/adv_mla_at2

This is a git repo for Advance MLA AT2 - Predicting and forecasting the volume of sales in 10 stores accross 3 diff states in the US

Primary LanguageJupyter NotebookMIT LicenseMIT

adv_mla_at2

This is a github repository for the Advance MLA Assessment 2.

We were adviced to develop two models namely:

  1. Predictive Sales Revenue Model: This model uses machine learning to predict the revenue made from sales for a specific item with its sell price, in a specific store on the given date. It makes it possible to manage inventory, plan sales, and make the most money possible.
  2. Forecasting Sales Revenue Model: This model uses time series analysis to forecast how much revenue will be made from sales of all items and stores in the next seven days. It gives us useful information for making quick decisions and allocating resources.
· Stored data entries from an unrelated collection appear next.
lemma cayley_path_along_geodesic:
  assumes geodesic: "geodesic_presheaf p d" and "0 \<le> T"
    and cobounded: "\<And>x. \<exists>y s. xdist p d x1 y \<le> ereal T \<and> x = act y s"
    and jump: "\<And>u v. Lrel u v \<Longrightarrow> d (act x1 u) (act x1 v) \<le> 2 * T + 1 \<Longrightarrow> \<exists>g\<in>M. g * u = v"
    and L: "Lrel s t"
  shows "cayley_path M s t (nat \<lceil>d (act x1 s) (act x1 t)\<rceil> + 1)"
proof -
  define n where "n = nat \<lceil>d (act x1 s) (act x1 t)\<rceil> + 1"
  have fibre: "p (act x1 s) = p (act x1 t)"
    using L p_orbit_eq_iff by blast
  have len: "d (act x1 s) (act x1 t) \<le> real n"
    using real_nat_ceiling_ge[of "d (act x1 s) (act x1 t)"] by (simp add: n_def)
  have "0 < n"
    by (simp add: n_def)
  obtain z where z0: "z 0 = act x1 s" and zn: "z n = act x1 t"
    and z_fibre: "\<And>i. i \<le> n \<Longrightarrow> p (z i) = p (act x1 s)"
    and z_step: "\<And>i. i < n \<Longrightarrow> d (z i) (z (Suc i)) \<le> 1"
    using geodesic_chain[OF geodesic fibre len \<open>0 < n\<close>] by blast
  obtain u where u0: "u 0 = s" and un: "u n = t" and u_L: "\<And>i. i \<le> n \<Longrightarrow> Lrel (u i) s"
    and u_near: "\<And>i. i \<le> n \<Longrightarrow> d (act x1 (u i)) (z i) \<le> T"
    using orbit_shadow_of_chain[OF \<open>0 \<le> T\<close> cobounded \<open>0 < n\<close> z0 zn z_fibre] by blast
  have u_fibre: "p (act x1 (u i)) = p (act x1 s)" if "i \<le> n" for i
    using u_L[OF that] p_orbit_eq_iff by blast
  have "\<exists>g\<in>M. g * u i = u (Suc i)" if "i < n" for i
  proof (rule jump)
    show "Lrel (u i) (u (Suc i))"
      using u_L[of i] u_L[of "Suc i"] that by (simp add: Lrel_def)
    have "d (act x1 (u i)) (act x1 (u (Suc i))) \<le> d (act x1 (u i)) (z i) + d (z i) (act x1 (u (Suc i)))"
      using u_fibre[of i] u_fibre[of "Suc i"] z_fibre[of i] that by (intro d_triangle) simp_all
    also have "\<dots> \<le> d (act x1 (u i)) (z i) + (d (z i) (z (Suc i)) + d (z (Suc i)) (act x1 (u (Suc i))))"
      using u_fibre[of "Suc i"] z_fibre[of i] z_fibre[of "Suc i"] that by (simp add: d_triangle)
    also have "\<dots> \<le> T + (1 + T)"
      using u_near[of i] u_near[of "Suc i"] z_step[OF that] that
        d_commute[of "z (Suc i)" "act x1 (u (Suc i))"] u_fibre[of "Suc i"] z_fibre[of "Suc i"] by simp
    finally show "d (act x1 (u i)) (act x1 (u (Suc i))) \<le> 2 * T + 1"
      by simp
  qed
  then show ?thesis
    unfolding n_def[symmetric] cayley_path_def using u0 un u_L by blast
qed
lemma foldl_mult_hom:
  assumes H: "comm_group H" and A: "group A" and h: "\<forall>i\<in>set L. h i \<in> hom A H"
  shows "(\<lambda>x. foldl (\<lambda>acc i. acc \<otimes>\<^bsub>H\<^esub> h i x) \<one>\<^bsub>H\<^esub> L) \<in> hom A H"
  using h
proof (induction L rule: rev_induct)
  case Nil
  interpret H: comm_group H by (rule H)
  interpret A: group A by (rule A)
  show ?case by (rule homI) simp_all
next
  case (snoc i L)
  have "(\<lambda>x. foldl (\<lambda>acc i. acc \<otimes>\<^bsub>H\<^esub> h i x) \<one>\<^bsub>H\<^esub> L \<otimes>\<^bsub>H\<^esub> h i x) \<in> hom A H"
    by (rule hom_mult_pointwise[OF H A]) (use snoc in auto)
  then show ?case by simp
qed

lemma length_face_subst[simp]: "length (face_subst F n i) = n"
  by (simp add: face_subst_def)

locale fgl_pair =
  fixes F G :: "('a::comm_ring_1) mps"
  assumes fgl_F: "fgl F" and fgl_G: "fgl G"
begin

sublocale G: fgl_group G by (rule fgl_group.intro[OF fgl_G])

lemma F_const: "F [0,0] = 0" using fgl_group.G_const[OF fgl_group.intro[OF fgl_F]] .

lemma face_subst_cochains: "\<forall>g\<in>set (face_subst F n i). g \<in> cochains (n+1)"
proof -
  have v: "\<And>j. j < n + 1 \<Longrightarrow> mps_var (n+1) j \<in> cochains (n+1)" by (rule var_cochain)
  have c: "\<And>a b. a < n+1 \<Longrightarrow> b < n+1 \<Longrightarrow> mps_comp (n+1) F [mps_var (n+1) a, mps_var (n+1) b] \<in> cochains (n+1)"
  proof -
    fix a b assume "a < n+1" "b < n+1"
    then have "ord_ge 1 (mps_var (n+1) a :: 'a mps)" "ord_ge 1 (mps_var (n+1) b :: 'a mps)" by (simp_all add: var_ord)
    then have "\<forall>g\<in>set [mps_var (n+1) a, mps_var (n+1) b :: 'a mps]. ord_ge 1 g" by simp
    then show "mps_comp (n+1) F [mps_var (n+1) a, mps_var (n+1) b] \<in> cochains (n+1)"
      by (rule mps_comp_cochain) (simp add: F_const numeral_2_eq_2)
  qed
  show ?thesis unfolding face_subst_def by (auto intro!: v c)
qed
These models were developed and deployed on Heroku app: here


Run this code:

Set up environment using poetry

  1. Clone this repository and go to the directory by: cd adv_mla_at2
  2. Initialise the poetry project file: poetry init (Already there)
  3. Activate environment: poetry shell
  4. Install dependencies using: poetry install

Play around with notebooks

  1. Predictive modelling
  2. Forecasting

Learn about the src files

  1. filter_items.py - Used to filter out data; keep items having more than 10% of the overall sales.
  2. merge.py - Used to integrate item sell price, date from calendar and calculate revenue using the units sold.
  3. buil_features.py - Script to extract date features such as weekday, month and year.
  4. train_model.py - Helper function used to build the SGD pipeline and fit the prediction model.
  5. predict_model.py - Helper script that takes new data and extracts features of date and gives prediction on the new data.
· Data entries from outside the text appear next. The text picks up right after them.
(* Let $H$ be a graph labeled by $\mathrm{HL}$-types and let $p\in Pr$ be a primitive type such that $p$ is lonely in $\times(H)$ and $\times(H)$ has no skeleton subtypes. Then $\mathrm{HL}\not\vdash H\to p$.
   Context: Hypergraphs: given labels $C$ with $type:C\to\mathbb{N}$, a graph is $G=\langle V,E,att,lab,ext\rangle$ with finite $V,E$, $att:E\to V^\circledast$ (strings of distinct nodes), $lab:E\to C$ with $type(lab(e))=|att(e)|$, $ext\in V^\circledast$; $type(G)=|ext|$; isomorphic graphs identified. Handle $a^\bullet$: one edge labeled $a$ attached to $v_1\dots v_n$, all external in that order. Replacement $G[e/H]$: remove $e$, insert a disjoint copy of $H$, fuse $i$-th external node of $H$ with $i$-th attachment node of $e$; simultaneous replacement; relabeling $G[e:=a]$. $\mathrm{HL}$: primitive types $Pr$ with $type:Pr\to\mathbb{N}$ (infinitely many of each arity); symbol $\$$ of any arity. Types: primitives; $N\div D$ where $D$ has exactly one edge $d_0$ labeled $\$$, others labeled by types, $type(N)=type(D)$, $type(N\div D)=type_D(d_0)$; $\times(M)$ for a type-labeled graph $M$, $type(\times(M))=type(M)$. Subtypes of a type are the occurrences of types in its inductive construction (the type itself, and recursively the subtypes of $N$ and of the edge labels of $D$ for $N\div D$, and of the edge labels of $M$ for $\times(M)$). Graph sequent $H\to A$ with $type(H)=type(A)$. Axioms $p^\bullet\to p$. Rules: $(\div\to)$: for $N\div D$ with $E_D=\{d_0,\dots,d_k\}$, $e\in E_H$ labeled $N$: from $H\to A$, $H_i\to lab(d_i)$ infer $H[e/D][d_0:=N\div D][d_1/H_1,\dots,d_k/H_k]\to A$; $(\to\div)$: from $D[d_0/F]\to N$ infer $F\to N\div D$; $(\times\to)$: if $e\in E_G$ is labeled $\times(F)$, from $G[e/F]\to A$ infer $G\to A$; $(\to\times)$: with $E_M=\{m_1,\dots,m_l\}$, from $H_i\to lab(m_i)$ infer $M[m_1/H_1,\dots,m_l/H_l]\to\times(M)$. Top occurrence: a distinguished subtype occurrence $B$ is a top occurrence within $A$ if $A=B$; or $A=\times(M)$ and $B$ is a top occurrence within $lab(e_0)$ for some $e_0\in E_M$; or $A=N\div D$ and $B$ is a top occurrence within $N$. A primitive type $p$ is lonely in a type $A$ if for each top occurrence of $p$ within $A$ there is a subtype $\times(M)$ of $A$ with $|E_M|\ge 2$ and some $e_0\in E_M$ whose label $lab(e_0)=p$ is that top occurrence. A type $A$ is skeleton if $A=\times(M)$ with $E_M=\emptyset$ and $|ext_M|=|V_M|$. *)

theory Defs
  imports Main "HOL-Library.Nat_Bijection"
begin

section \<open>Hypergraphs (concrete representatives; isomorphic graphs are identified via giso)\<close>

text \<open>A graph: a set of nodes, a list of edges (edge identity = list index), each edge
  being a pair (label, attachment string), and the string of external nodes.\<close>
datatype 'l hgraph = HG (hV: "nat set") (hE: "('l \<times> nat list) list") (hext: "nat list")

definition wf_graph :: "'l hgraph \<Rightarrow> bool" where
  "wf_graph G \<longleftrightarrow> finite (hV G) \<and> distinct (hext G) \<and> set (hext G) \<subseteq> hV G \<and>
     (\<forall>l a. (l, a) \<in> set (hE G) \<longrightarrow> distinct a \<and> set a \<subseteq> hV G)"

definition giso :: "('a \<Rightarrow> 'b \<Rightarrow> bool) \<Rightarrow> 'a hgraph \<Rightarrow> 'b hgraph \<Rightarrow> bool" where
  "giso R G G' \<longleftrightarrow> (\<exists>f \<pi>. bij_betw f (hV G) (hV G') \<and> length (hE G) = length (hE G') \<and>
     bij_betw \<pi> {..<length (hE G)} {..<length (hE G')} \<and>
     (\<forall>i<length (hE G). R (fst (hE G ! i)) (fst (hE G' ! \<pi> i)) \<and>
         snd (hE G' ! \<pi> i) = map f (snd (hE G ! i))) \<and>
     hext G' = map f (hext G))"

lemma giso_mono[mono]: "(\<And>x y. R x y \<longrightarrow> S x y) \<Longrightarrow> giso R G G' \<longrightarrow> giso S G G'"
  unfolding giso_def by blast

definition list_idx :: "'a list \<Rightarrow> 'a \<Rightarrow> nat" where
  "list_idx xs v = (LEAST j. j < length xs \<and> xs ! j = v)"

text \<open>Simultaneous replacement: every edge i with sub i = Some H is replaced by a
  disjoint copy of H whose j-th external node is fused with the j-th attachment node of i.\<close>
definition fresh_base :: "'l hgraph \<Rightarrow> nat" where
  "fresh_base G = Suc (Max (insert 0 (hV G)))"

definition emb :: "'l hgraph \<Rightarrow> nat \<Rightarrow> 'l hgraph \<Rightarrow> nat \<Rightarrow> nat" where
  "emb G i H v = (if v \<in> set (hext H) then snd (hE G ! i) ! list_idx (hext H) v
                  else fresh_base G + prod_encode (i, v))"

definition subst :: "'l hgraph \<Rightarrow> (nat \<Rightarrow> 'l hgraph option) \<Rightarrow> 'l hgraph" where
  "subst G sub = HG
     (hV G \<union> (\<Union>i\<in>{..<length (hE G)}. case sub i of None \<Rightarrow> {} | Some H \<Rightarrow> emb G i H ` hV H))
     (concat (map (\<lambda>i. case sub i of None \<Rightarrow> [hE G ! i]
                    | Some H \<Rightarrow> map (\<lambda>(l, a). (l, map (emb G i H) a)) (hE H))
              [0..<length (hE G)]))
     (hext G)"

definition handle :: "'l \<Rightarrow> nat \<Rightarrow> 'l hgraph" where
  "handle l n = HG {..<n} [(l, [0..<n])] [0..<n]"

text \<open>Prim a n: the primitive type named a of arity n (infinitely many of each arity).
  In Div N D, the edge labeled None is the \$-edge.\<close>
datatype ty = Prim nat nat | Div ty "ty option hgraph" | Times "ty hgraph"

definition arity :: "ty \<Rightarrow> nat" where
  "arity A = (case A of Prim a n \<Rightarrow> n
     | Div N D \<Rightarrow> (case find (\<lambda>x. fst x = None) (hE D) of Some x \<Rightarrow> length (snd x) | None \<Rightarrow> 0)
     | Times M \<Rightarrow> length (hext M))"

inductive wf_ty :: "ty \<Rightarrow> bool" where
  "wf_ty (Prim a n)"
| "wf_ty N \<Longrightarrow> wf_graph D \<Longrightarrow> length (filter (\<lambda>x. fst x = None) (hE D)) = 1 \<Longrightarrow>
   (\<forall>T a. (Some T, a) \<in> set (hE D) \<longrightarrow> wf_ty T \<and> arity T = length a) \<Longrightarrow>
   arity N = length (hext D) \<Longrightarrow> wf_ty (Div N D)"
| "wf_graph M \<Longrightarrow> (\<forall>T a. (T, a) \<in> set (hE M) \<longrightarrow> wf_ty T \<and> arity T = length a) \<Longrightarrow>
   wf_ty (Times M)"

definition wf_tgraph :: "ty hgraph \<Rightarrow> bool" where
  "wf_tgraph G \<longleftrightarrow> wf_graph G \<and> (\<forall>T a. (T, a) \<in> set (hE G) \<longrightarrow> wf_ty T \<and> arity T = length a)"

inductive ty_eq :: "ty \<Rightarrow> ty \<Rightarrow> bool" where
  "ty_eq (Prim a n) (Prim a n)"
| "ty_eq N N' \<Longrightarrow> giso (rel_option ty_eq) D D' \<Longrightarrow> ty_eq (Div N D) (Div N' D')"
| "giso ty_eq M M' \<Longrightarrow> ty_eq (Times M) (Times M')"
monos option.rel_mono_strong

definition dlab :: "ty \<Rightarrow> ty option hgraph \<Rightarrow> ty hgraph" where
  "dlab N D = map_hgraph (\<lambda>x. case x of None \<Rightarrow> Div N D | Some T \<Rightarrow> T) D"

inductive HL :: "ty hgraph \<Rightarrow> ty \<Rightarrow> bool" where
  ax: "HL (handle (Prim a n) n) (Prim a n)"
| divL: "wf_ty (Div N D) \<Longrightarrow> d0 < length (hE D) \<Longrightarrow> fst (hE D ! d0) = None \<Longrightarrow>
    HL H A \<Longrightarrow> e < length (hE H) \<Longrightarrow> fst (hE H ! e) = N \<Longrightarrow>
    (\<forall>i<length (hE D). i \<noteq> d0 \<longrightarrow> HL (Hs i) (the (fst (hE D ! i)))) \<Longrightarrow>
    HL (subst H (\<lambda>j. if j = e then
          Some (subst (dlab N D) (\<lambda>i. if i < length (hE D) \<and> i \<noteq> d0 then Some (Hs i) else None))
        else None)) A"
| divR: "wf_ty (Div N D) \<Longrightarrow> d0 < length (hE D) \<Longrightarrow> fst (hE D ! d0) = None \<Longrightarrow>
    wf_tgraph F \<Longrightarrow> length (hext F) = length (snd (hE D ! d0)) \<Longrightarrow>
    HL (subst (dlab N D) (\<lambda>j. if j = d0 then Some F else None)) N \<Longrightarrow>
    HL F (Div N D)"
| timesL: "wf_tgraph G \<Longrightarrow> e < length (hE G) \<Longrightarrow> fst (hE G ! e) = Times F \<Longrightarrow>
    HL (subst G (\<lambda>j. if j = e then Some F else None)) A \<Longrightarrow> HL G A"
| timesR: "wf_ty (Times M) \<Longrightarrow> (\<forall>i<length (hE M). HL (Hs i) (fst (hE M ! i))) \<Longrightarrow>
    HL (subst M (\<lambda>i. if i < length (hE M) then Some (Hs i) else None)) (Times M)"
| iso: "HL G A \<Longrightarrow> giso ty_eq G G' \<Longrightarrow> ty_eq A A' \<Longrightarrow> HL G' A'"

text \<open>Positions of subtype occurrences: TE i = label of edge i of the graph of a product,
  Num = numerator of a division, DE i = label of (non-\$) edge i of the denominator.\<close>
datatype step = TE nat | Num | DE nat

fun subty :: "ty \<Rightarrow> step list \<Rightarrow> ty option" where
  "subty A [] = Some A"
| "subty (Times M) (TE i # ps) = (if i < length (hE M) then subty (fst (hE M ! i)) ps else None)"
| "subty (Div N D) (Num # ps) = subty N ps"
| "subty (Div N D) (DE i # ps) = (if i < length (hE D) then
      (case fst (hE D ! i) of Some T \<Rightarrow> subty T ps | None \<Rightarrow> None) else None)"
| "subty _ _ = None"

definition top_pos :: "step list \<Rightarrow> bool" where
  "top_pos ps \<longleftrightarrow> (\<forall>i. DE i \<notin> set ps)"

definition lonely :: "ty \<Rightarrow> ty \<Rightarrow> bool" where
  "lonely p A \<longleftrightarrow> (\<forall>ps. top_pos ps \<and> subty A ps = Some p \<longrightarrow>
     (\<exists>qs i M. ps = qs @ [TE i] \<and> subty A qs = Some (Times M) \<and> 2 \<le> length (hE M)))"

definition skeleton :: "ty \<Rightarrow> bool" where
  "skeleton A \<longleftrightarrow> (\<exists>M. A = Times M \<and> hE M = [] \<and> card (hV M) = length (hext M))"

end

theory Submission
  imports Defs
begin

(* Induction on derivations: if G \<rightarrow> p is derivable for a primitive p and no edge label of G
   has a skeleton subtype, then either G is the handle p\<^sup>\<bullet> up to the names of its nodes, or
   some edge label of G exposes p, i.e. has a top occurrence of p that is the numerator of a
   division or an edge of a product with fewer than two edges.  Skeleton-freeness is needed
   only for the rule (\<times>\<rightarrow>): if G[e/F] is a handle and F has no edges, then F has no
   internal nodes, so \<times>(F) would be a skeleton.  For G = H either alternative exposes p
   in \<times>(H), which contradicts loneliness. *)

abbreviation subst_at :: "'l hgraph \<Rightarrow> nat \<Rightarrow> 'l hgraph \<Rightarrow> 'l hgraph" where
  "subst_at G e K \<equiv> subst G (\<lambda>j. if j = e then Some K else None)"

definition edge_labels :: "'l hgraph \<Rightarrow> 'l set" where
  "edge_labels G = fst ` set (hE G)"

lemma edge_labels_conv_nth: "edge_labels G = (\<lambda>i. fst (hE G ! i)) ` {..<length (hE G)}"
  unfolding edge_labels_def by (metis image_image lessThan_atLeast0 set_map map_nth set_upt)

lemma edge_labels_subst:
  "edge_labels (subst G sub) =
     (\<Union>i<length (hE G). case sub i of None \<Rightarrow> {fst (hE G ! i)} | Some K \<Rightarrow> edge_labels K)"
  unfolding subst_def edge_labels_def hgraph.sel set_concat set_map image_Union image_image
  by (rule SUP_cong) (auto split: option.split simp: image_image case_prod_beta)

lemma edge_labels_subst_at:
  assumes "e < length (hE G)"
  shows "edge_labels (subst_at G e K) \<union> {fst (hE G ! e)} = edge_labels G \<union> edge_labels K"
  using assms unfolding edge_labels_subst edge_labels_conv_nth[of G] by (auto split: if_splits)

lemma edge_labels_subset_subst_at:
  "e < length (hE G) \<Longrightarrow> edge_labels K \<subseteq> edge_labels (subst_at G e K)"
  unfolding edge_labels_subst by auto

lemma edge_label_in_subst:
  "i < length (hE G) \<Longrightarrow> sub i = None \<Longrightarrow> fst (hE G ! i) \<in> edge_labels (subst G sub)"
  unfolding edge_labels_subst by force

lemma length_hE_subst_ge:
  assumes "i < length (hE G)" "sub i = Some K"
  shows "length (hE K) \<le> length (hE (subst G sub))"
proof -
  let ?f = "\<lambda>i. case sub i of None \<Rightarrow> [hE G ! i]
                 | Some H \<Rightarrow> map (\<lambda>(l, a). (l, map (emb G i H) a)) (hE H)"
  have "length (?f i) \<in> set (map length (map ?f [0..<length (hE G)]))"
    using assms(1) by simp
  then have "length (?f i) \<le> length (concat (map ?f [0..<length (hE G)]))"
    unfolding length_concat by (simp add: member_le_sum_list)
  then show ?thesis using assms(2) by (simp add: subst_def)
qed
Deploy the model in a docker container

  1. cd api
  2. docker build -t fastapi:latest .
  3. docker run -dit --rm --name adv_mla_at2_fastapi -p 8080:80 fastapi:latest

Release the model to Heroku using container Registry

  1. Login with CLI: heroku login
  2. Login to container registry: docker ps
  3. heroku container:login
  4. Push Docker-based app: heroku container:push web
  5. Deploy the changes: heroku container:release web

Access the API endpoints:

Try this out to predict revenue for an item with its sell price, at a given store and for a date: predictive api
Change the item_id, sell price and other inputs to your requirement.
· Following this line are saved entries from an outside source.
lemma is_layer_subset: "is_layer n L \<Longrightarrow> L' \<subseteq> L \<Longrightarrow> is_layer n L'"
  unfolding is_layer_def by blast

lemma is_layer_insert:
  assumes "is_layer n L" "1 \<le> a" "a < b" "b \<le> n" "\<not> used L a" "\<not> used L b"
  shows "is_layer n (insert (a, b) L)"
proof -
  have "{a, b} \<inter> {fst c, snd c} = {}" if "c \<in> L" for c
    using that assms(5,6) unfolding used_def by force
  then show ?thesis using assms(1-4) unfolding is_layer_def by auto
qed

lemma apply_layer_Un:
  assumes L: "is_layer n (L1 \<union> L2)" and disj: "\<And>k. used L1 k \<Longrightarrow> \<not> used L2 k"
  shows "apply_layer (L1 \<union> L2) x = apply_layer L2 (apply_layer L1 x)"
proof
  fix k
  have L1: "is_layer n L1" and L2: "is_layer n L2" using L is_layer_subset by blast+
  consider a b where "(a, b) \<in> L1" "k = a \<or> k = b"
    | a b where "(a, b) \<in> L2" "k = a \<or> k = b"
    | "\<not> used (L1 \<union> L2) k"
    unfolding used_def by blast
  then show "apply_layer (L1 \<union> L2) x k = apply_layer L2 (apply_layer L1 x) k"
  proof cases
    case (1 a b)
    then have "\<not> used L2 a" "\<not> used L2 b" using disj unfolding used_def by blast+
    with 1 show ?thesis
      using apply_layer_min[OF L, of a b] apply_layer_max[OF L, of a b]
        apply_layer_min[OF L1, of a b] apply_layer_max[OF L1, of a b]
      by (metis Un_iff apply_layer_unused)
  next
    case (2 a b)
    then have "\<not> used L1 a" "\<not> used L1 b" using disj unfolding used_def by blast+
    with 2 show ?thesis
      using apply_layer_min[OF L, of a b] apply_layer_max[OF L, of a b]
        apply_layer_min[OF L2, of a b] apply_layer_max[OF L2, of a b]
      by (metis Un_iff apply_layer_unused)
  next
    case 3
    then show ?thesis by (simp add: apply_layer_unused used_Un)
  qed
qed

lemma sorted01_apply_layer:
  assumes "is_layer n L" "sorted01 n y"
  shows "sorted01 n (apply_layer L y)"
proof -
  have "apply_layer L y k = y k" if "1 \<le> k" "k \<le> n" for k
  proof (cases "used L k")
    case True
    then obtain a b where ab: "(a, b) \<in> L" "k = a \<or> k = b" unfolding used_def by auto
    then have "1 \<le> a" "a \<le> b" "b \<le> n" using assms(1) unfolding is_layer_def by auto
    then have "y a \<longrightarrow> y b" using assms(2) unfolding sorted01_def by blast
    then show ?thesis using ab apply_layer_min[OF assms(1) ab(1)] apply_layer_max[OF assms(1) ab(1)]
      by auto
  qed (simp add: apply_layer_unused)
  then show ?thesis using assms(2) unfolding sorted01_def by (metis le_trans)
qed

lemma used_Diff_comparator:
  assumes "is_layer n L" "(a, b) \<in> L"
  shows "used (L - {(a, b)}) k \<longleftrightarrow> used L k \<and> k \<noteq> a \<and> k \<noteq> b"
proof
  assume "used (L - {(a, b)}) k"
  then obtain c e where "(c, e) \<in> L" "(c, e) \<noteq> (a, b)" "k = c \<or> k = e"
    unfolding used_def by auto
  then show "used L k \<and> k \<noteq> a \<and> k \<noteq> b"
    using is_layer_comparator_eq[OF assms, of c e] unfolding used_def by blast
qed (auto simp: used_def)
/sales/national/ will give you the total revenue for the next seven days across all stores for all items.
It gives output in a list - day_one_revenue, day_two_revenue and so on.

Additional notes:

You can change the expected forecast revenue for any number of days you want. Just change the value of n_periods in the arima_pipe.predict(n_periods=7). It is in the forecast function of the main.py file.